On my phone, that page is every bit as quick as a native app. The presentation doesn't suffer. It's actually quite a bit better than many native apps I've had the misfortune of installing.
More importantly, the content is actually discoverable from web search. The alternative is forcing the user to choose a recipes app from an opaque app store search, wait to download/install it, then search in that single silo of content and hope it has the content they want. Then, rinse/repeat if they don't find a recipe they like. Even if they happen to find a nice native app on the first try that does have a good UI, good content, and the specific content they want, that is a vastly inferior experience.
Can you create a poor mobile web experience? Sure. The situation isn't very much different than janky, slow desktop sites that are laden with too many third-party scripts for ads, tracking, social, etc.
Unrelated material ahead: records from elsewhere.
lemma q_pochhammer_shifted_Suc:
  fixes \<beta> u :: "'a::field"
  assumes "\<beta> \<noteq> 0" "u \<noteq> 0"
  shows "q_pochhammer (\<beta> * u powi (- int s)) u (Suc n)
    = q_pochhammer (\<beta> * u powi (- int s)) u n
      * (- \<beta> * u powi (int n - int s)) * (1 - u powi (int s - int n) / \<beta>)"
proof -
  have "\<beta> * u powi (- int s) * u ^ n = \<beta> * u powi (int n - int s)"
    using assms by (simp add: power_int_diff power_int_minus field_simps)
  then show ?thesis
    by (simp only: q_pochhammer_Suc one_minus_power_int_reflect[OF assms] mult.assoc minus_diff_eq)
qed
definition bicharacter :: "('g::ab_group_add \<Rightarrow> 'g \<Rightarrow> 'k::field) \<Rightarrow> bool" where
  "bicharacter eps \<longleftrightarrow>
     (\<forall>g h. eps g h \<noteq> 0) \<and>
     (\<forall>k g h. eps k (g + h) = eps k g * eps k h) \<and>
     (\<forall>g h k. eps (g + h) k = eps g k * eps h k) \<and>
     (\<forall>g h. eps g h * eps h g = 1)"

definition is_grading :: "('k::field \<Rightarrow> 'v::ab_group_add \<Rightarrow> 'v) \<Rightarrow> ('g \<Rightarrow> 'v set) \<Rightarrow> bool" where
  "is_grading scale Lg \<longleftrightarrow>
     (\<forall>g. module.subspace scale (Lg g)) \<and>
     (\<forall>x. \<exists>f. finite {g. f g \<noteq> 0} \<and> (\<forall>g. f g \<in> Lg g) \<and> x = (\<Sum>g\<in>{g. f g \<noteq> 0}. f g)) \<and>
     (\<forall>f. finite {g. f g \<noteq> 0} \<and> (\<forall>g. f g \<in> Lg g) \<and> (\<Sum>g\<in>{g. f g \<noteq> 0}. f g) = 0
          \<longrightarrow> (\<forall>g. f g = 0))"

definition graded_subspace :: "('k::field \<Rightarrow> 'v::ab_group_add \<Rightarrow> 'v) \<Rightarrow> ('g \<Rightarrow> 'v set) \<Rightarrow> 'v set \<Rightarrow> bool" where
  "graded_subspace scale Lg S \<longleftrightarrow>
     module.subspace scale S \<and>
     (\<forall>x\<in>S. \<exists>f. finite {g. f g \<noteq> 0} \<and> (\<forall>g. f g \<in> Lg g \<inter> S) \<and> x = (\<Sum>g\<in>{g. f g \<noteq> 0}. f g))"

definition graded_nary_algebra ::
  "('k::field \<Rightarrow> 'v::ab_group_add \<Rightarrow> 'v) \<Rightarrow> ('g::ab_group_add \<Rightarrow> 'v set) \<Rightarrow> nat \<Rightarrow> ('v list \<Rightarrow> 'v) \<Rightarrow> bool" where
  "graded_nary_algebra scale Lg n mul \<longleftrightarrow>
     vector_space scale \<and> n \<ge> 2 \<and> is_grading scale Lg \<and>
     (\<forall>xs p a b u w. length xs = n \<and> p < n \<longrightarrow>
        mul (xs[p := scale a u + scale b w]) = scale a (mul (xs[p := u])) + scale b (mul (xs[p := w]))) \<and>
     (\<forall>xs gs. length xs = n \<and> length gs = n \<and> (\<forall>r<n. xs ! r \<in> Lg (gs ! r))
        \<longrightarrow> mul xs \<in> Lg (sum_list gs))"

datatype tag = XT nat | YT nat

fun tagdeg :: "'g list \<Rightarrow> 'g list \<Rightarrow> tag \<Rightarrow> 'g" where
  "tagdeg gx gy (XT r) = gx ! r"
| "tagdeg gx gy (YT r) = gy ! r"

(* order of the arguments on the left-hand side (inner bracket at position k, 0-based) *)
definition lhs_order :: "nat \<Rightarrow> nat \<Rightarrow> tag list" where
  "lhs_order n k = map YT [0..<k] @ map XT [0..<n] @ map YT [k..<n-1]"

(* order of the arguments in the term indexed by i, j (0-based), sigma1, sigma2 *)
definition rhs_order :: "nat \<Rightarrow> nat \<Rightarrow> nat \<Rightarrow> (nat \<Rightarrow> nat) \<Rightarrow> (nat \<Rightarrow> nat) \<Rightarrow> tag list" where
  "rhs_order n i j s1 s2 =
     map (XT \<circ> s1) [0..<i] @ map (YT \<circ> s2) [0..<j] @ [XT (s1 i)] @ map (YT \<circ> s2) [j..<n-1]
     @ map (XT \<circ> s1) [Suc i..<n]"

definition inv_pairs :: "'a list \<Rightarrow> 'a list \<Rightarrow> ('a \<times> 'a) set" where
  "inv_pairs L R = {(a, b). \<exists>p q. p < q \<and> q < length L \<and> L ! p = a \<and> L ! q = b \<and>
                     (\<exists>p' q'. q' < p' \<and> p' < length R \<and> R ! p' = a \<and> R ! q' = b)}"

definition color_factor :: "('g \<Rightarrow> 'g \<Rightarrow> 'k::field) \<Rightarrow> ('a \<Rightarrow> 'g) \<Rightarrow> 'a list \<Rightarrow> 'a list \<Rightarrow> 'k" where
  "color_factor eps deg L R = (\<Prod>(a, b)\<in>inv_pairs L R. eps (deg a) (deg b))"

definition perms :: "nat \<Rightarrow> (nat \<Rightarrow> nat) set" where
  "perms m = {s. s permutes {..<m}}"

definition color_gLt_algebra ::
  "('k::field \<Rightarrow> 'v::ab_group_add \<Rightarrow> 'v) \<Rightarrow> ('g::ab_group_add \<Rightarrow> 'v set) \<Rightarrow> ('g \<Rightarrow> 'g \<Rightarrow> 'k)
   \<Rightarrow> nat \<Rightarrow> ('v list \<Rightarrow> 'v) \<Rightarrow> (nat \<Rightarrow> nat \<Rightarrow> nat \<Rightarrow> (nat \<Rightarrow> nat) \<Rightarrow> (nat \<Rightarrow> nat) \<Rightarrow> 'k) \<Rightarrow> bool" where
  "color_gLt_algebra scale Lg eps n mul alpha \<longleftrightarrow>
     graded_nary_algebra scale Lg n mul \<and>
     (\<forall>k<n. \<forall>xs ys gx gy.
        length xs = n \<and> length ys = n - 1 \<and> length gx = n \<and> length gy = n - 1 \<and>
        (\<forall>r<n. xs ! r \<in> Lg (gx ! r)) \<and> (\<forall>r<n-1. ys ! r \<in> Lg (gy ! r)) \<longrightarrow>
        mul (take k ys @ [mul xs] @ drop k ys) =
          (\<Sum>i<n. \<Sum>j<n. \<Sum>s1\<in>perms n. \<Sum>s2\<in>perms (n - 1).
             scale (alpha i j k s1 s2 *
                    color_factor eps (tagdeg gx gy) (lhs_order n k) (rhs_order n i j s1 s2))
               (mul (map (\<lambda>r. xs ! s1 r) [0..<i]
                      @ [mul (map (\<lambda>r. ys ! s2 r) [0..<j] @ [xs ! s1 i] @ map (\<lambda>r. ys ! s2 r) [j..<n-1])]
                      @ map (\<lambda>r. xs ! s1 r) [Suc i..<n]))))"

(* <A_1,...,A_n>_sigma : span of all <x_{sigma(1)},...,x_{sigma(n)}> with x_r in A_r (0-based) *)
definition prodS :: "('k::field \<Rightarrow> 'v::ab_group_add \<Rightarrow> 'v) \<Rightarrow> nat \<Rightarrow> ('v list \<Rightarrow> 'v) \<Rightarrow> (nat \<Rightarrow> nat)
                      \<Rightarrow> 'v set list \<Rightarrow> 'v set" where
  "prodS scale n mul s As = module.span scale
     {mul (map (\<lambda>r. xs ! s r) [0..<n]) | xs. length xs = n \<and> (\<forall>r<n. xs ! r \<in> As ! r)}"

definition quasi_mult_basis ::
  "('k::field \<Rightarrow> 'v::ab_group_add \<Rightarrow> 'v) \<Rightarrow> ('g \<Rightarrow> 'v set) \<Rightarrow> nat \<Rightarrow> ('v list \<Rightarrow> 'v)
   \<Rightarrow> 'v set \<Rightarrow> 'v set \<Rightarrow> ('i \<Rightarrow> 'v) \<Rightarrow> bool" where
  "quasi_mult_basis scale Lg n mul V W e \<longleftrightarrow>
     graded_subspace scale Lg V \<and> graded_subspace scale Lg W \<and>
     V \<noteq> {0} \<and> W \<noteq> {0} \<and> V \<inter> W = {0} \<and> (\<forall>x. \<exists>a\<in>V. \<exists>b\<in>W. x = a + b) \<and>
     inj e \<and> \<not> module.dependent scale (range e) \<and> module.span scale (range e) = W \<and>
     (\<forall>i. \<exists>g. e i \<in> Lg g) \<and>
     (\<forall>ids. length ids = n \<longrightarrow>
        (\<exists>j. mul (map e ids) \<in> module.span scale {e j}) \<or> mul (map e ids) \<in> V) \<and>
     (\<forall>k ids s. 0 < k \<and> k < n \<and> length ids = k \<and> s permutes {..<n} \<longrightarrow>
        (\<exists>j. prodS scale n mul s (map (\<lambda>i. {e i}) ids @ replicate (n - k) V) \<subseteq> module.span scale {e j})) \<and>
     ((\<exists>j. prodS scale n mul id (replicate n V) \<subseteq> module.span scale {e j}) \<or>
      prodS scale n mul id (replicate n V) \<subseteq> V)"

(* the symbols of I together with v *)
datatype 'i idx = Idx 'i | VV
(* unbarred / barred symbols *)
datatype 'a barred = Pl 'a | Br 'a
(* (n-1)-tuples of unbarred / barred symbols *)
datatype 'a tup = Tup "'a list" | BTup "'a list"

fun tuplen :: "'a tup \<Rightarrow> nat" where
  "tuplen (Tup l) = length l"
| "tuplen (BTup l) = length l"

fun uset :: "'v set \<Rightarrow> ('i \<Rightarrow> 'v) \<Rightarrow> 'i idx \<Rightarrow> 'v set" where
  "uset V e (Idx i) = {e i}"
| "uset V e VV = V"

definition aS :: "('k::field \<Rightarrow> 'v::ab_group_add \<Rightarrow> 'v) \<Rightarrow> nat \<Rightarrow> ('v list \<Rightarrow> 'v) \<Rightarrow> 'v set \<Rightarrow> ('i \<Rightarrow> 'v)
                  \<Rightarrow> (nat \<Rightarrow> nat) \<Rightarrow> 'i idx list \<Rightarrow> 'i idx set" where
  "aS scale n mul V e s js =
     (let P = prodS scale n mul s (map (uset V e) js) in
       {Idx r | r. P \<noteq> {0} \<and> P \<subseteq> module.span scale {e r}} \<union> (if P \<noteq> {0} \<and> P \<subseteq> V then {VV} else {}))"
Mobile does exacerbate the effect of that kind of sloppiness, but I think that stems from sites where content is secondary to advertising/social, not the feasibility or difficulty of creating a good mobile web experience.
I was going to add a disclaimer to the link above asking folks to be gentle if they peeked under the hood, because I developed that site in an insanely short amount of time for how much content and functionality is there, but maybe that's an important data point in and of itself. If it were so difficult to develop a decent mobile web experience, there's no way I could have shipped that full site in about two weeks of billable hours. Not to mention, we focused a lot more on the desktop layout than mobile, based on analytics. I wouldn't say mobile was an afterthought, but the phone layout was a fairly small fraction of the overall effort.